Biggest ways cryptocurrencies are impacting the financial world

Cryptocurrencies, and the distributed ledger technology underpinning them, have divided the investment and wider financial communities. Are they visionary innovations offering transparent, decentralised models that will remake the industry? Or are they just expensive and unpredictable experiments that offer little to no real-world benefit? Either way, they have had a noticeable impact.

1. Investment potential 

Crypto assets’ attraction is broadly twofold.

The first is corruption. For criminals, cryptocurrencies offer a way to transact business, launder illegal income, and evade taxes. Blacklisted regimes, such as North Korea and Iran, have used crypto to avoid sanctions.

The second is as a speculative asset, with the price surges and diversification potential enticing a variety of professional investors and hopeful retail traders. While many may be nursing losses (bitcoin has slumped 75% from its $68,800 November 2021 high), a Coinbase-sponsored survey found institutional investors continue to increase their cryptocurrency allocations. Asset tokenisation offers even more investment opportunities.

2. Value of trust and regulation

Blockchain-based crypto assets were designed to have an independent and decentralised transaction validation mechanism with no central authority or administrator, putting them outside of governmental/central bank/financial market infrastructure control. 

“The root problem with conventional currencies is all the trust that’s required to make it work,” according to Bitcoin founder Satoshi Nakamoto in a New York Times interview. “The central bank must be trusted not to debase the currency, but the history of fiat currencies is full of breaches of that trust.”

Crypto volatility, concerns about hacking and fraud, and the collapse of the likes of TerraUSD/Luna and FTX have led to demands for more thorough regulation to bolster trust and protect investors in the sector.

3. AML/KYC and tax reporting 

Cryptocurrency-enabled criminal activities, terrorism financing, and sanctions evasion have heightened the onus on rigorous multi-jurisdictional anti-money laundering and tax reporting infrastructures. 

Government officials and tax authorities are anxious that crypto assets will undermine global tax transparency advances achieved through the Common Reporting Standard (CRS) and US Foreign Account Tax Compliance Act (FATCA), so new OECD and EU crypto asset reporting obligations are in the works too.

Automated risk profiling, source of funds checks, and sanctions list monitoring will provide essential controls. Beneficial owner screening able to handle complex, multi-level ownership structures to identify underlying owners has become increasingly important.

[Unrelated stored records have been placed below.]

definition gneg :: "grp \<Rightarrow> grp" where
  "gneg g = (\<lambda>i. - g i)"

definition gzero :: grp where
  "gzero = (\<lambda>i. 0)"

definition normalized_cocycle :: "nat \<Rightarrow> (grp \<Rightarrow> grp \<Rightarrow> complex) \<Rightarrow> bool" where
  "normalized_cocycle N \<sigma> \<longleftrightarrow>
     (\<forall>g\<in>ZN N. \<forall>h\<in>ZN N. norm (\<sigma> g h) = 1) \<and>
     (\<forall>g\<in>ZN N. \<forall>h\<in>ZN N. \<forall>k\<in>ZN N.
        \<sigma> g h * \<sigma> (gadd g h) k = \<sigma> h k * \<sigma> g (gadd h k)) \<and>
     (\<forall>g\<in>ZN N. \<sigma> g gzero = 1 \<and> \<sigma> gzero g = 1)"

definition l2 :: "nat \<Rightarrow> vec set" where
  "l2 N = {\<xi>. (\<forall>g. g \<notin> ZN N \<longrightarrow> \<xi> g = 0) \<and> (\<lambda>g. (norm (\<xi> g))\<^sup>2) summable_on ZN N}"

definition l2norm :: "nat \<Rightarrow> vec \<Rightarrow> real" where
  "l2norm N \<xi> = sqrt (infsum (\<lambda>g. (norm (\<xi> g))\<^sup>2) (ZN N))"

definition bounded_op :: "nat \<Rightarrow> op \<Rightarrow> bool" where
  "bounded_op N T \<longleftrightarrow>
     (\<forall>\<xi>\<in>l2 N. T \<xi> \<in> l2 N) \<and>
     (\<forall>\<xi>\<in>l2 N. \<forall>\<eta>\<in>l2 N. \<forall>a::complex.
        T (\<lambda>g. a * \<xi> g + \<eta> g) = (\<lambda>g. a * T \<xi> g + T \<eta> g)) \<and>
     (\<exists>C. \<forall>\<xi>\<in>l2 N. l2norm N (T \<xi>) \<le> C * l2norm N \<xi>)"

Monitoring of real-time suspicious activity helps to detect money laundering risks and block suspicious activity and behaviour. Institutions also have to guard against the use of concealment techniques such as VPNs, proxies, mixers, or tumblers.

4. Financial transaction disintermediation 

As BNY Mellon chief executive Robin Vince observed in the Financial Times recently, digital ledger representations of traditional assets can lead to improvements in the accuracy of record-keeping, easier handling of certain asset types such as real estate and loans and speedier, more efficient settlement.

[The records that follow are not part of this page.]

lemma l2_norm_transpose_Dmat_mult_vec_le:
  assumes v: "v \<in> carrier_vec N"
  shows "l2_norm (transpose_mat (Dmat N) *\<^sub>v v) \<le> 2 * l2_norm v"
proof (rule power2_le_imp_le)
  define next_sq where "next_sq i = (if i + 1 < N then (v $ (i + 1))\<^sup>2 else 0)" for i
  have "(\<Sum>i<N. next_sq i) \<le> (\<Sum>i<N. (v $ i)\<^sup>2)"
  proof (cases N)
    case (Suc M)
    have "(\<Sum>i<N. next_sq i) = (\<Sum>i<M. (v $ Suc i)\<^sup>2)"
      unfolding Suc next_sq_def by (simp add: lessThan_Suc)
    also have "\<dots> \<le> (\<Sum>i<N. (v $ i)\<^sup>2)"
      unfolding Suc sum.lessThan_Suc_shift by simp
    finally show ?thesis .
  qed simp
  moreover have "((transpose_mat (Dmat N) *\<^sub>v v) $ i)\<^sup>2 \<le> 2 * (v $ i)\<^sup>2 + 2 * next_sq i"
    if "i < N" for i
  proof -
    have "(a - b)\<^sup>2 \<le> 2 * a\<^sup>2 + 2 * b\<^sup>2" for a b :: real
      using zero_le_power2[of "a + b"] unfolding power2_diff power2_sum by linarith
    then show ?thesis
      by (simp add: transpose_Dmat_mult_vec_index[OF v that] next_sq_def)
  qed
  ultimately have "(\<Sum>i<N. ((transpose_mat (Dmat N) *\<^sub>v v) $ i)\<^sup>2) \<le> 4 * (\<Sum>i<N. (v $ i)\<^sup>2)"
    using sum_mono[of "{..<N}" "\<lambda>i. ((transpose_mat (Dmat N) *\<^sub>v v) $ i)\<^sup>2"
        "\<lambda>i. 2 * (v $ i)\<^sup>2 + 2 * next_sq i"]
    by (simp add: sum.distrib sum_distrib_left[symmetric])
  then show "(l2_norm (transpose_mat (Dmat N) *\<^sub>v v))\<^sup>2 \<le> (2 * l2_norm v)\<^sup>2"
    using v by (simp add: l2_norm_sq power_mult_distrib)
qed (simp add: l2_norm_nonneg)

lemma l2_norm_transpose_Dmat_pow_mult_vec_le:
  "v \<in> carrier_vec N \<Longrightarrow> l2_norm (transpose_mat (Dmat N ^\<^sub>m k) *\<^sub>v v) \<le> 2 ^ k * l2_norm v"
proof (induct k)
  case 0
  then show ?case by simp
next
  case (Suc k)
  have "transpose_mat (Dmat N ^\<^sub>m Suc k) *\<^sub>v v
      = transpose_mat (Dmat N) *\<^sub>v (transpose_mat (Dmat N ^\<^sub>m k) *\<^sub>v v)"
    using Suc.prems by (simp add: transpose_mult[of _ N N _ N] assoc_mult_mat_vec[of _ N N _ N])
  also have "l2_norm \<dots> \<le> 2 * l2_norm (transpose_mat (Dmat N ^\<^sub>m k) *\<^sub>v v)"
    by (intro l2_norm_transpose_Dmat_mult_vec_le mult_mat_vec_carrier[of _ N N]) (use Suc.prems in auto)
  also have "\<dots> \<le> 2 * (2 ^ k * l2_norm v)"
    using Suc by simp
  finally show ?case
    by simp
qed

lemma l2_norm_sq_le_linf_mult_l1_transpose:
  fixes A :: "real mat"
  assumes A: "A \<in> carrier_mat n m" and a: "a \<in> carrier_vec m"
  shows "(l2_norm (A *\<^sub>v a))\<^sup>2 \<le> linf_norm a * l1_norm (transpose_mat A *\<^sub>v (A *\<^sub>v a))"
proof -
  define h where "h = A *\<^sub>v a"
  define g where "g = transpose_mat A *\<^sub>v h"
  have h: "h \<in> carrier_vec n" and g: "g \<in> carrier_vec m"
    using A a by (simp_all add: h_def g_def)
  have "(l2_norm h)\<^sup>2 = h \<bullet> h"
    using h l2_norm_sq[of h] by (simp add: scalar_prod_def power2_eq_square atLeast0LessThan)
  also have "\<dots> = h \<bullet> (A *\<^sub>v a)"
    by (simp add: h_def)
  also have "\<dots> = g \<bullet> a"
    unfolding g_def by (rule transpose_vec_mult_scalar[OF A a h, symmetric])
  also have "\<dots> = (\<Sum>i<m. g $ i * a $ i)"
    using a by (simp add: scalar_prod_def atLeast0LessThan)
  also have "\<dots> \<le> (\<Sum>i<m. \<bar>g $ i\<bar> * linf_norm a)"
  proof (rule sum_mono)
    fix i assume "i \<in> {..<m}"
    then have "\<bar>a $ i\<bar> \<le> linf_norm a"
      using a abs_le_linf_norm by simp
    then have "\<bar>g $ i\<bar> * \<bar>a $ i\<bar> \<le> \<bar>g $ i\<bar> * linf_norm a"
      by (rule mult_left_mono) simp
    then show "g $ i * a $ i \<le> \<bar>g $ i\<bar> * linf_norm a"
      using abs_ge_self[of "g $ i * a $ i"] by (simp add: abs_mult)
  qed
  also have "\<dots> = linf_norm a * l1_norm g"
    using g by (simp add: l1_norm_def sum_distrib_left mult.commute)
  finally show ?thesis
    unfolding g_def h_def .
qed

lemma abs_le_sparse_cone_term:
  fixes g y v :: real
  shows "\<bar>g\<bar> \<le> 2 * (if v \<noteq> 0 then \<bar>g\<bar> else 0) + 2 * \<bar>v - y\<bar> + (\<bar>y + g\<bar> - \<bar>y\<bar>)"
  by (cases "v = 0") (simp_all add: abs_if)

The problem for traditional market participants is that the concept of peer-to-peer networks with no central servers, storage, authority, or administrator threatens to disintermediate them from existing transaction processes. Banks, service providers, and exchanges around the world have invested in blockchain initiatives in response as they seek to promote the value of permissioned networks, rather than the permissionless vision of the blockchain evangelists.

5. The long road to innovation 

As the crypto market demonstrates, the road to successful innovation is riddled with failures. However, similar to the dotcom bubble or Britain’s Victorian-era railway boom before it, the strong will survive.

Only time will tell which crypto assets will endure, what value they will have and how big a part of investors’ allocation mix they will occupy. A recent ECB blog claimed that since Bitcoin appears unsuitable as a payment system or a form of investment, the financial industry should be wary of the long-term reputational damage of promoting Bitcoin investments. Yet, we believe cryptocurrency, in whatever form, is here for good. With it, financial institutions will need to maintain an innovative mindset if they are to cope with the opportunities and threats that come with it.